Linde's public offer to buy all outstanding shares for $41.50 apiece expired at midnight on Tuesday and will not be extended. Linde reported on Wednesday it had received commitments for a further 9.39 million shares or a stake of 10.73 percent, making further acquisition procedures look like a mere formality.

Based in Clearwater in the US state of Florida, Lincare currently employs some 11,000 people.
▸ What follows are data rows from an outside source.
lemma has_rderiv_off_breaks:
  assumes "frac x \<notin> a ` {..m}"
  shows "(\<phi> has_real_derivative rderiv \<phi> x) (at x)"
proof -
  obtain i where i: "i < m" "a i \<le> frac x" "frac x < a (Suc i)" by (rule piece_index)
  have lt: "a i < frac x" using i assms by (metis atMost_iff imageI less_imp_le_nat order_le_less)
  define k where "k = real_of_int \<lfloor>x\<rfloor>"
  have xk: "x - k = frac x" by (simp add: k_def frac_def)
  have "((\<lambda>t. G i (t - k)) has_real_derivative G' i (x - k) * 1) (at x)"
    by (rule DERIV_chain2[where f="G i" and g="\<lambda>t. t - k"])
       (use G_deriv i(1) in \<open>auto intro!: derivative_eq_intros\<close>)
  then have "((\<lambda>t. G i (t - k)) has_real_derivative G' i (frac x)) (at x)" by (simp add: xk)
  then show ?thesis unfolding rderiv_eq_piece(2)[OF i]
  proof (rule has_field_derivative_transform_within_open[where S="{a i + k <..< a (Suc i) + k}"])
    show "x \<in> {a i + k<..<a (Suc i) + k}" using lt i xk by auto
    fix t assume t: "t \<in> {a i + k<..<a (Suc i) + k}"
    have "\<phi> t = \<phi> (t - k)" using phi_shift_int[of "t - k" "\<lfloor>x\<rfloor>"] by (simp add: k_def)
    also have "\<dots> = G i (t - k)" using agree i(1) t by auto
    finally show "G i (t - k) = \<phi> t" by simp
  qed simp
qed

end


lemma piecewise_C2_imp_periodic_piecewise_C1:
  assumes "piecewise_C2 \<phi>" "\<And>x. \<phi> (x + 1) = \<phi> x"
  shows "\<exists>a m G G'. periodic_piecewise_C1 \<phi> a m G G'"
proof -
  obtain a m where am: "a 0 = 0" "a m = 1"
    and H: "\<forall>i<m. a i < a (Suc i) \<and> (\<exists>g. C2_on_real g \<and> (\<forall>x\<in>{a i..a (Suc i)}. \<phi> x = g x))"
    using assms(1) unfolding piecewise_C2_def by blast
  have "\<exists>g g'. (\<forall>x. (g has_real_derivative g' x) (at x)) \<and> continuous_on UNIV g'
           \<and> (\<forall>x\<in>{a i..a (Suc i)}. \<phi> x = g x)" if i: "i < m" for i
  proof -
    obtain g where "C2_on_real g" and g: "\<forall>x\<in>{a i..a (Suc i)}. \<phi> x = g x"
      using H i by blast
    then obtain g' g'' where d: "\<forall>x. (g has_real_derivative g' x) (at x) \<and> (g' has_real_derivative g'' x) (at x)"
      unfolding C2_on_real_def by blast
    have "continuous_on UNIV g'"
      using d by (meson DERIV_isCont continuous_at_imp_continuous_on)
    then show ?thesis using g d by blast
  qed
  then obtain G G' where "\<forall>i<m. (\<forall>x. (G i has_real_derivative G' i x) (at x)) \<and> continuous_on UNIV (G' i)
           \<and> (\<forall>x\<in>{a i..a (Suc i)}. \<phi> x = G i x)"
    by metis
  then have "periodic_piecewise_C1 \<phi> a m G G'"
    using am H assms(2) by unfold_locales auto
  then show ?thesis by blast
qed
In 2011, it logged a net profit of $177 million on revenues of $1.8 billion.

Venturing out to pastures new

With its takeover bid, Linde outpaced one of its major rivals on the European market, Air Liquide of France, which had also shown interest in Lincare.

The German industrial gas giant emphasized that the health care market was becoming an important source of diversification for large gas producers looking to reduce their dependency on traditional fields of operation.

Earlier this year, Linde had already taken over US competitor Air Products for 590 million euros. Doing business in the medical gas sector is considered to be highly lucrative, with profit margins by far exceeding those in the conventional industrial field.